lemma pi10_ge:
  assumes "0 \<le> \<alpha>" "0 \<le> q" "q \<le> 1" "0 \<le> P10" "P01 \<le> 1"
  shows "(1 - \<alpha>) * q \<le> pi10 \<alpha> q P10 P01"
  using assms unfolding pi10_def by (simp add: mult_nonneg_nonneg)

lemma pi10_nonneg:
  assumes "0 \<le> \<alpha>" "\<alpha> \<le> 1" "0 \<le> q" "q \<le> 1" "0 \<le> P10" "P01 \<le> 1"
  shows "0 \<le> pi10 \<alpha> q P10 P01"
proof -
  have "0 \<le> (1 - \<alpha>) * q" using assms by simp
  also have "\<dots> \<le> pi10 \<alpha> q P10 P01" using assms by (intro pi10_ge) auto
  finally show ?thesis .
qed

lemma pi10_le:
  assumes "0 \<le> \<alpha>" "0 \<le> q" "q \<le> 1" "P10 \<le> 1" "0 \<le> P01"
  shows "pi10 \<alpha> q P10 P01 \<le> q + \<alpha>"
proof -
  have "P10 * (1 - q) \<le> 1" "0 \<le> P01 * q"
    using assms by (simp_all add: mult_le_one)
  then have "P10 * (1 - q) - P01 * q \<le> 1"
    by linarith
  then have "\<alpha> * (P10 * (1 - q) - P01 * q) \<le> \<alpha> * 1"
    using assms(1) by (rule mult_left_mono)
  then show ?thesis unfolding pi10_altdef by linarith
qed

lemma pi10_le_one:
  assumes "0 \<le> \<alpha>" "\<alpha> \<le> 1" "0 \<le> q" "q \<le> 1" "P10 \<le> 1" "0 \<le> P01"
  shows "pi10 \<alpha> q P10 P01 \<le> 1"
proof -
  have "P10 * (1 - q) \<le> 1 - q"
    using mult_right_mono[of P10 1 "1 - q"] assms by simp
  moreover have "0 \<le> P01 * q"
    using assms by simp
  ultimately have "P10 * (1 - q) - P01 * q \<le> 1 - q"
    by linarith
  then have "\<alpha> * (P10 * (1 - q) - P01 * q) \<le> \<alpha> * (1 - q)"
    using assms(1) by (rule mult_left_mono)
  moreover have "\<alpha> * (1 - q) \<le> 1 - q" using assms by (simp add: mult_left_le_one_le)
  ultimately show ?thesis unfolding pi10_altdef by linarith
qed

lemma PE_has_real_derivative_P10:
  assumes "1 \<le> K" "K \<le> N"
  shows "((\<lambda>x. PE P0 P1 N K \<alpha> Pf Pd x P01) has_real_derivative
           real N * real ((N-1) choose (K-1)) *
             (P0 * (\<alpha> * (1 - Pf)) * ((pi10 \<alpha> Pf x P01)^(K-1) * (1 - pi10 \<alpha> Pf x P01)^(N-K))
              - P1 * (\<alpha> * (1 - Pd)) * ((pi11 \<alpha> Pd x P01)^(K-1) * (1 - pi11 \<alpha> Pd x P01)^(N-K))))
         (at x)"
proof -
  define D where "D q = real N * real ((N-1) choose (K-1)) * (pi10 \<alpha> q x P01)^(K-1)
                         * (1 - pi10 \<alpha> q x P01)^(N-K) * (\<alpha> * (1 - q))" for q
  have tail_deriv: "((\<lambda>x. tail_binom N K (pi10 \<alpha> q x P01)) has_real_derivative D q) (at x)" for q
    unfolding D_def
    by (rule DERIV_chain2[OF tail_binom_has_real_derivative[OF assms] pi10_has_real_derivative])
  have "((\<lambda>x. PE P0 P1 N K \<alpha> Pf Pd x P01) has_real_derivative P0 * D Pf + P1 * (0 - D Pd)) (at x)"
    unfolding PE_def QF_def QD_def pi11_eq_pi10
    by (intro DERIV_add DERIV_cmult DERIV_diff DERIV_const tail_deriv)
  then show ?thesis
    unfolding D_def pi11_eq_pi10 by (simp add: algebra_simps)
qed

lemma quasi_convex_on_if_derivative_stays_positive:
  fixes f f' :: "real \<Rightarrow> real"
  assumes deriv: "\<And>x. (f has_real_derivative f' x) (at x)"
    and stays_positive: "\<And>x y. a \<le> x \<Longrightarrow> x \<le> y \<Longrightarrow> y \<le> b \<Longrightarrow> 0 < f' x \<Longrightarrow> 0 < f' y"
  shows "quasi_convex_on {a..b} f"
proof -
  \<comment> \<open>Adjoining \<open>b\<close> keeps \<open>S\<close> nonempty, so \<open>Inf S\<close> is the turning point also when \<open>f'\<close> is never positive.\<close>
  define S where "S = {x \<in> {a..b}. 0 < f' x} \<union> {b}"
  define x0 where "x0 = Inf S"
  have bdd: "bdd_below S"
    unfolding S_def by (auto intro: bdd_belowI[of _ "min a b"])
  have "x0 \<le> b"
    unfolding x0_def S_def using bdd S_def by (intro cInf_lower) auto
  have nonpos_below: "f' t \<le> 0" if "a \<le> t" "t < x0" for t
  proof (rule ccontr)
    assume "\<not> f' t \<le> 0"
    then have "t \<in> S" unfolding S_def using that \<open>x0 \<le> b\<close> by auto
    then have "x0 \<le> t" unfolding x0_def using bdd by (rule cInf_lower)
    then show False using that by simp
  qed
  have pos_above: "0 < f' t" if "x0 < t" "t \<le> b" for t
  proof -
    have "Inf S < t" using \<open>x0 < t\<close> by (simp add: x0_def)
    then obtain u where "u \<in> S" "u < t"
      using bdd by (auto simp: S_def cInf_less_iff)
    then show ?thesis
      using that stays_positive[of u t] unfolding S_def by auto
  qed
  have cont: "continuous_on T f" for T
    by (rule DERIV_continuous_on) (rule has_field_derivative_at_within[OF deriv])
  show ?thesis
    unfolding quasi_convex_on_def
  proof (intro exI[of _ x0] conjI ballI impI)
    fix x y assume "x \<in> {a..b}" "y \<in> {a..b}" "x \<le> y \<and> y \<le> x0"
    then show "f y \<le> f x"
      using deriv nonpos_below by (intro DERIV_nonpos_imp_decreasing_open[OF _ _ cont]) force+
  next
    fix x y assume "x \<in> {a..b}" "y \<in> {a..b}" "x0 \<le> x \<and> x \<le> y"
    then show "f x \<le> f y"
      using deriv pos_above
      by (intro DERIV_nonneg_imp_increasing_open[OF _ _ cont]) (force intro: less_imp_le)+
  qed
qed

■ About this task ■
Each line of the listing should be retyped exactly, with nothing left out.

■ Exercise response ■
lemma pi10_ge:
  assumes "0 \<le> \<alpha>" "0 \<le> q" "q \<le> 1" "0 \<le> P10" "P01 \<le> 1"
  shows "(1 - \<alpha>) * q \<le> pi10 \<alpha> q P10 P01"
  using assms unfolding pi10_def by (simp add: mult_nonneg_nonneg)

lemma pi10_nonneg:
  assumes "0 \<le> \<alpha>" "\<alpha> \<le> 1" "0 \<le> q" "q \<le> 1" "0 \<le> P10" "P01 \<le> 1"
  shows "0 \<le> pi10 \<alpha> q P10 P01"
proof -
  have "0 \<le> (1 - \<alpha>) * q" using assms by simp
  also have "\<dots> \<le> pi10 \<alpha> q P10 P01" using assms by (intro pi10_ge) auto
  finally show ?thesis .
qed

lemma pi10_le:
  assumes "0 \<le> \<alpha>" "0 \<le> q" "q \<le> 1" "P10 \<le> 1" "0 \<le> P01"
  shows "pi10 \<alpha> q P10 P01 \<le> q + \<alpha>"
proof -
  have "P10 * (1 - q) \<le> 1" "0 \<le> P01 * q"
    using assms by (simp_all add: mult_le_one)
  then have "P10 * (1 - q) - P01 * q \<le> 1"
    by linarith
  then have "\<alpha> * (P10 * (1 - q) - P01 * q) \<le> \<alpha> * 1"
    using assms(1) by (rule mult_left_mono)
  then show ?thesis unfolding pi10_altdef by linarith
qed

lemma pi10_le_one:
  assumes "0 \<le> \<alpha>" "\<alpha> \<le> 1" "0 \<le> q" "q \<le> 1" "P10 \<le> 1" "0 \<le> P01"
  shows "pi10 \<alpha> q P10 P01 \<le> 1"
proof -
  have "P10 * (1 - q) \<le> 1 - q"
    using mult_right_mono[of P10 1 "1 - q"] assms by simp
  moreover have "0 \<le> P01 * q"
    using assms by simp
  ultimately have "P10 * (1 - q) - P01 * q \<le> 1 - q"
    by linarith
  then have "\<alpha> * (P10 * (1 - q) - P01 * q) \<le> \<alpha> * (1 - q)"
    using assms(1) by (rule mult_left_mono)
  moreover have "\<alpha> * (1 - q) \<le> 1 - q" using assms by (simp add: mult_left_le_one_le)
  ultimately show ?thesis unfolding pi10_altdef by linarith
qed

lemma PE_has_real_derivative_P10:
  assumes "1 \<le> K" "K \<le> N"
  shows "((\<lambda>x. PE P0 P1 N K \<alpha> Pf Pd x P01) has_real_derivative
           real N * real ((N-1) choose (K-1)) *
             (P0 * (\<alpha> * (1 - Pf)) * ((pi10 \<alpha> Pf x P01)^(K-1) * (1 - pi10 \<alpha> Pf x P01)^(N-K))
              - P1 * (\<alpha> * (1 - Pd)) * ((pi11 \<alpha> Pd x P01)^(K-1) * (1 - pi11 \<alpha> Pd x P01)^(N-K))))
         (at x)"
proof -
  define D where "D q = real N * real ((N-1) choose (K-1)) * (pi10 \<alpha> q x P01)^(K-1)
                         * (1 - pi10 \<alpha> q x P01)^(N-K) * (\<alpha> * (1 - q))" for q
  have tail_deriv: "((\<lambda>x. tail_binom N K (pi10 \<alpha> q x P01)) has_real_derivative D q) (at x)" for q
    unfolding D_def
    by (rule DERIV_chain2[OF tail_binom_has_real_derivative[OF assms] pi10_has_real_derivative])
  have "((\<lambda>x. PE P0 P1 N K \<alpha> Pf Pd x P01) has_real_derivative P0 * D Pf + P1 * (0 - D Pd)) (at x)"
    unfolding PE_def QF_def QD_def pi11_eq_pi10
    by (intro DERIV_add DERIV_cmult DERIV_diff DERIV_const tail_deriv)
  then show ?thesis
    unfolding D_def pi11_eq_pi10 by (simp add: algebra_simps)
qed

lemma quasi_convex_on_if_derivative_stays_positive:
  fixes f f' :: "real \<Rightarrow> real"
  assumes deriv: "\<And>x. (f has_real_derivative f' x) (at x)"
    and stays_positive: "\<And>x y. a \<le> x \<Longrightarrow> x \<le> y \<Longrightarrow> y \<le> b \<Longrightarrow> 0 < f' x \<Longrightarrow> 0 < f' y"
  shows "quasi_convex_on {a..b} f"
proof -
  \<comment> \<open>Adjoining \<open>b\<close> keeps \<open>S\<close> nonempty, so \<open>Inf S\<close> is the turning point also when \<open>f'\<close> is never positive.\<close>
  define S where "S = {x \<in> {a..b}. 0 < f' x} \<union> {b}"
  define x0 where "x0 = Inf S"
  have bdd: "bdd_below S"
    unfolding S_def by (auto intro: bdd_belowI[of _ "min a b"])
  have "x0 \<le> b"
    unfolding x0_def S_def using bdd S_def by (intro cInf_lower) auto
  have nonpos_below: "f' t \<le> 0" if "a \<le> t" "t < x0" for t
  proof (rule ccontr)
    assume "\<not> f' t \<le> 0"
    then have "t \<in> S" unfolding S_def using that \<open>x0 \<le> b\<close> by auto
    then have "x0 \<le> t" unfolding x0_def using bdd by (rule cInf_lower)
    then show False using that by simp
  qed
  have pos_above: "0 < f' t" if "x0 < t" "t \<le> b" for t
  proof -
    have "Inf S < t" using \<open>x0 < t\<close> by (simp add: x0_def)
    then obtain u where "u \<in> S" "u < t"
      using bdd by (auto simp: S_def cInf_less_iff)
    then show ?thesis
      using that stays_positive[of u t] unfolding S_def by auto
  qed
  have cont: "continuous_on T f" for T
    by (rule DERIV_continuous_on) (rule has_field_derivative_at_within[OF deriv])
  show ?thesis
    unfolding quasi_convex_on_def
  proof (intro exI[of _ x0] conjI ballI impI)
    fix x y assume "x \<in> {a..b}" "y \<in> {a..b}" "x \<le> y \<and> y \<le> x0"
    then show "f y \<le> f x"
      using deriv nonpos_below by (intro DERIV_nonpos_imp_decreasing_open[OF _ _ cont]) force+
  next
    fix x y assume "x \<in> {a..b}" "y \<in> {a..b}" "x0 \<le> x \<and> x \<le> y"
    then show "f x \<le> f y"
      using deriv pos_above
      by (intro DERIV_nonneg_imp_increasing_open[OF _ _ cont]) (force intro: less_imp_le)+
  qed
qed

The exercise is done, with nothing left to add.